Exercise: One part of the entries below is wanted: the lines from the one containing "by (simp add: eta_laplace_coeff_def" through the one containing "s sums (sqrt 3". Write those out exactly and nothing else.

[Record excerpts — start]

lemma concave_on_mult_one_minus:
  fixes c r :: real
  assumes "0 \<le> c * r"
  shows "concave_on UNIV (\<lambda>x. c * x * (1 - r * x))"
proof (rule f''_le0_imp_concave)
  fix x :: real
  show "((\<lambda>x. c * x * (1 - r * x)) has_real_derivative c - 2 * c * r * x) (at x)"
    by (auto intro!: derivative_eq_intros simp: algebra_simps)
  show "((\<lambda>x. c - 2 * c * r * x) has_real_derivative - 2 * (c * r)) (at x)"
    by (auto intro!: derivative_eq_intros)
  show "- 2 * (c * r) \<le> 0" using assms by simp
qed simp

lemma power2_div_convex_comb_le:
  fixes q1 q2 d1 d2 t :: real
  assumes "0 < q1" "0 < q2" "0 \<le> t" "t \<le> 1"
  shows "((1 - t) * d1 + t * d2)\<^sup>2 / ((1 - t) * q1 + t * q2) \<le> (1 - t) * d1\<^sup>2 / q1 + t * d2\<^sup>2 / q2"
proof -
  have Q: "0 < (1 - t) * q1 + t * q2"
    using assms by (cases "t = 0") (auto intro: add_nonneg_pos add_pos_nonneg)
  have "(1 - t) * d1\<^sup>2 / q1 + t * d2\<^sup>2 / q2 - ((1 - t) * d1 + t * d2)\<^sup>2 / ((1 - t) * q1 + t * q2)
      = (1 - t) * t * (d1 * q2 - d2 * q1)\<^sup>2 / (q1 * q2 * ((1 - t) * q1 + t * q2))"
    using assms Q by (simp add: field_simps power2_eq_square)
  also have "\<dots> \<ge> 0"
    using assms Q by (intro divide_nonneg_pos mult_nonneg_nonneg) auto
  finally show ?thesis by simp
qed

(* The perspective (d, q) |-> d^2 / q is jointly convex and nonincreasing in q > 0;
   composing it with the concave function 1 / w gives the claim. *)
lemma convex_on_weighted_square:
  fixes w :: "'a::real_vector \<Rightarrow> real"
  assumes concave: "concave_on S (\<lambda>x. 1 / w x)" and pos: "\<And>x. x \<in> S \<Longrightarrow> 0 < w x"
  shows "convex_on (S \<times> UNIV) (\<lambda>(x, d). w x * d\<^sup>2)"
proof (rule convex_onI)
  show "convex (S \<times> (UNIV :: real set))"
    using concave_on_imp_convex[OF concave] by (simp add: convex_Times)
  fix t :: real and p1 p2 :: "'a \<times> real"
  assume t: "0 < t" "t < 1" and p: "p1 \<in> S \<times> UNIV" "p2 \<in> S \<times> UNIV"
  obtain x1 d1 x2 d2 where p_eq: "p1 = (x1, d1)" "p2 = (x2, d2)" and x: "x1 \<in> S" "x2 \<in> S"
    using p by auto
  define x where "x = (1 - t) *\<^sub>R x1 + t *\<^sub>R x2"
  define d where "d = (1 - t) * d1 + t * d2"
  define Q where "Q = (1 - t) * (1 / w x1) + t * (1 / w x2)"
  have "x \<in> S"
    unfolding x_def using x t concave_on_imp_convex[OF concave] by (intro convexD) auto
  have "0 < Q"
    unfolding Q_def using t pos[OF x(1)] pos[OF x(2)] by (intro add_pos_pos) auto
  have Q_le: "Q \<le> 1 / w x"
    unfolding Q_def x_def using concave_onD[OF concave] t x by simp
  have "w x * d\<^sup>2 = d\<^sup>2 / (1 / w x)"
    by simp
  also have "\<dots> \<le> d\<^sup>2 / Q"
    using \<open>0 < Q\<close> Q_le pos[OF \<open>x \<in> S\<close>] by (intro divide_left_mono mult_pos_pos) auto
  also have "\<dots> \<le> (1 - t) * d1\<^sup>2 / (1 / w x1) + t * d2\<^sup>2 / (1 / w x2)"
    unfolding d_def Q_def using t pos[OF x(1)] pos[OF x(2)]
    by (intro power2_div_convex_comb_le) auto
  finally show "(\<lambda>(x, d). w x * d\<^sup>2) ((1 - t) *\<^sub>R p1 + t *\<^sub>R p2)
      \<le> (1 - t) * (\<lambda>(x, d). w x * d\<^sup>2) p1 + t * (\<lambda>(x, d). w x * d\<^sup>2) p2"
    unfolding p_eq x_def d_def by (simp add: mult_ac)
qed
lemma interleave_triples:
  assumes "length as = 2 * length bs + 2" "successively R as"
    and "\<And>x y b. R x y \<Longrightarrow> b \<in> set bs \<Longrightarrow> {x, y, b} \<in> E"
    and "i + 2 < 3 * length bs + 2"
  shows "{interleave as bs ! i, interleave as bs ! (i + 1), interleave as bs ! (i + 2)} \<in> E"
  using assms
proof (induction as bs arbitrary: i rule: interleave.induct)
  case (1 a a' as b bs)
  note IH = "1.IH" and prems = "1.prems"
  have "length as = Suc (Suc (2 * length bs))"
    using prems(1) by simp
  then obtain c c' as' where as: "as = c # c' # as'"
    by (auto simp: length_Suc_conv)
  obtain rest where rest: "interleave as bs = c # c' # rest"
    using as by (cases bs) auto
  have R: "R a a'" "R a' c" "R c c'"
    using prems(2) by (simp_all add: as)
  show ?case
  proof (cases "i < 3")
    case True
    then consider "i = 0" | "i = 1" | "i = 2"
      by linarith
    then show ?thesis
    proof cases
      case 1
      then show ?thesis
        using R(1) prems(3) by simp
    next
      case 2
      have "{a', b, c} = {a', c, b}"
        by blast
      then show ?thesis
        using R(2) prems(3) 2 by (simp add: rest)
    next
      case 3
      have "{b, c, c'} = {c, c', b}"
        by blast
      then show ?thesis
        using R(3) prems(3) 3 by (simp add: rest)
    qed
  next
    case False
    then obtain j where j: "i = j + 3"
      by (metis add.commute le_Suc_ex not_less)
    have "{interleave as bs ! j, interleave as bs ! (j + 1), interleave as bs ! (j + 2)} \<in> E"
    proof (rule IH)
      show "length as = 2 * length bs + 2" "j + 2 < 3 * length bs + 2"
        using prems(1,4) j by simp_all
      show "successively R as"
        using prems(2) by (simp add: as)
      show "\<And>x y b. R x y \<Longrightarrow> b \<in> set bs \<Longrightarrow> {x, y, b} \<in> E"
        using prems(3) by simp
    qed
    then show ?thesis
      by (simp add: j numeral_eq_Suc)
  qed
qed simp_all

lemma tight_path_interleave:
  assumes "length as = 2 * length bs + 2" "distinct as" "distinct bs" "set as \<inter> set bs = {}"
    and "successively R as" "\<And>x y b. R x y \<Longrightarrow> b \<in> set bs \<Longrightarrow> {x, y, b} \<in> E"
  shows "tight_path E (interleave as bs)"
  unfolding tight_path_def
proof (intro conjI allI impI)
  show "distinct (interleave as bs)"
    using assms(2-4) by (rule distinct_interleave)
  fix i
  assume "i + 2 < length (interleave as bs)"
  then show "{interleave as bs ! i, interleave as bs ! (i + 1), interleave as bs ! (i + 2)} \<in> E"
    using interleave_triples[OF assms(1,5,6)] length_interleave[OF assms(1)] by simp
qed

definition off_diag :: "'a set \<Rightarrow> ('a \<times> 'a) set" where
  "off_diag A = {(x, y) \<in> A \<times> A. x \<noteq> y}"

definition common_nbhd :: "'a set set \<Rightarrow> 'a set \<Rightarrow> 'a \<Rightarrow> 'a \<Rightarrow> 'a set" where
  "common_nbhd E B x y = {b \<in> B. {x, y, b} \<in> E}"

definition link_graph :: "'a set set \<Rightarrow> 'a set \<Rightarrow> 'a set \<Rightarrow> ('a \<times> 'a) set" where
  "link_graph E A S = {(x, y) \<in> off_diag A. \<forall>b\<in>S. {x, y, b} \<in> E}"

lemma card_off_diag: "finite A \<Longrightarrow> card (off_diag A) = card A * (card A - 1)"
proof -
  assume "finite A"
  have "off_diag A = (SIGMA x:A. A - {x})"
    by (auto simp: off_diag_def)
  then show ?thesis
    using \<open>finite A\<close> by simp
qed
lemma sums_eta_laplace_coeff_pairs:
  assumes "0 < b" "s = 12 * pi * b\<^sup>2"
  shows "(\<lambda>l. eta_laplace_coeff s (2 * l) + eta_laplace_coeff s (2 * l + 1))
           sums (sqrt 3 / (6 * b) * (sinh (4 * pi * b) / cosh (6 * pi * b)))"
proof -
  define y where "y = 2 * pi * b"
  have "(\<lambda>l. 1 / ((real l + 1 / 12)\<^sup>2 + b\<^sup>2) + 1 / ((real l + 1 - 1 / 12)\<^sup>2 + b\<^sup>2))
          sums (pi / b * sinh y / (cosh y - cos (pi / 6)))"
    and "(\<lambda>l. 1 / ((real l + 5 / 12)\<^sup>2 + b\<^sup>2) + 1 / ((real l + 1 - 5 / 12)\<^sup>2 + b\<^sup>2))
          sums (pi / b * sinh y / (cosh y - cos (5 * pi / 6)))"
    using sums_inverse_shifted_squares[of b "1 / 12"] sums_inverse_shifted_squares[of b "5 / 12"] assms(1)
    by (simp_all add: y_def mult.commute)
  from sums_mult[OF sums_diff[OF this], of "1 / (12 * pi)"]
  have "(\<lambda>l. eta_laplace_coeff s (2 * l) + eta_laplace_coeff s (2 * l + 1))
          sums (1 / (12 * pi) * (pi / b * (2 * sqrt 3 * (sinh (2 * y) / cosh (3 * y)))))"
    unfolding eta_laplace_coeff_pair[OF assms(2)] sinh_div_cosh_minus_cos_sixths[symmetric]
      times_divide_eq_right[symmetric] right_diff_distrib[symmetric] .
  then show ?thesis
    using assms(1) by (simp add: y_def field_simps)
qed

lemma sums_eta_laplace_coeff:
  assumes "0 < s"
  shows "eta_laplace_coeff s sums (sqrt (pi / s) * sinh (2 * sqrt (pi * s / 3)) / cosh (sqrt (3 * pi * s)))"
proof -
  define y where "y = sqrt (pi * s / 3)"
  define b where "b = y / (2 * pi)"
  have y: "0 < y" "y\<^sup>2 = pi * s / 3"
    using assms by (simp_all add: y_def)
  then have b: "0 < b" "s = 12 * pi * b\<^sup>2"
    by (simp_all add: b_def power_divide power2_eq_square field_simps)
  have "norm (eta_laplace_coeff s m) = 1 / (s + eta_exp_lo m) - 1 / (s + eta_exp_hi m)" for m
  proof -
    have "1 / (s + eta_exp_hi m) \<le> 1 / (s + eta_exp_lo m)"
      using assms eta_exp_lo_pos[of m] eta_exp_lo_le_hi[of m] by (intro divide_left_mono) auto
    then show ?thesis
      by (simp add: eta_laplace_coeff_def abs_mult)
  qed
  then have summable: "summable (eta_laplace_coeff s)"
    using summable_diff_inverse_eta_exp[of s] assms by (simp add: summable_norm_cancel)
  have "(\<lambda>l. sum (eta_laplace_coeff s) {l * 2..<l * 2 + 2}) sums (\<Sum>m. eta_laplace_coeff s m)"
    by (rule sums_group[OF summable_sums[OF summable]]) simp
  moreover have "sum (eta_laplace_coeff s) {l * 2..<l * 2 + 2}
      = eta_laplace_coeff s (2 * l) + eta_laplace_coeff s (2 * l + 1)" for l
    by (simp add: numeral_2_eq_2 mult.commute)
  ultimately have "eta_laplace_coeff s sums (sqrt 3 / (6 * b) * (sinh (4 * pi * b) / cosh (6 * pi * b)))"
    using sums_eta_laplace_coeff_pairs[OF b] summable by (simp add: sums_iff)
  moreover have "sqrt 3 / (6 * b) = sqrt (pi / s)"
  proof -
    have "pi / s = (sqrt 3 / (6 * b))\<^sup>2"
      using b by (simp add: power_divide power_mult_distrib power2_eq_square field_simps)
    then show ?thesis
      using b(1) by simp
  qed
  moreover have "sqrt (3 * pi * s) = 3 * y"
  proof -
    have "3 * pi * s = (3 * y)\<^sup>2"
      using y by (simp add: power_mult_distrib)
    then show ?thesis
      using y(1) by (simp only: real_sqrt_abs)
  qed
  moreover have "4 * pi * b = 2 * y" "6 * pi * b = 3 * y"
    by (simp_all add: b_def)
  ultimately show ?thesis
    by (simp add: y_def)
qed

[Record excerpts — finish]

Response for this exercise:
      by (simp add: eta_laplace_coeff_def abs_mult)
  qed
  then have summable: "summable (eta_laplace_coeff s)"
    using summable_diff_inverse_eta_exp[of s] assms by (simp add: summable_norm_cancel)
  have "(\<lambda>l. sum (eta_laplace_coeff s) {l * 2..<l * 2 + 2}) sums (\<Sum>m. eta_laplace_coeff s m)"
    by (rule sums_group[OF summable_sums[OF summable]]) simp
  moreover have "sum (eta_laplace_coeff s) {l * 2..<l * 2 + 2}
      = eta_laplace_coeff s (2 * l) + eta_laplace_coeff s (2 * l + 1)" for l
    by (simp add: numeral_2_eq_2 mult.commute)
  ultimately have "eta_laplace_coeff s sums (sqrt 3 / (6 * b) * (sinh (4 * pi * b) / cosh (6 * pi * b)))"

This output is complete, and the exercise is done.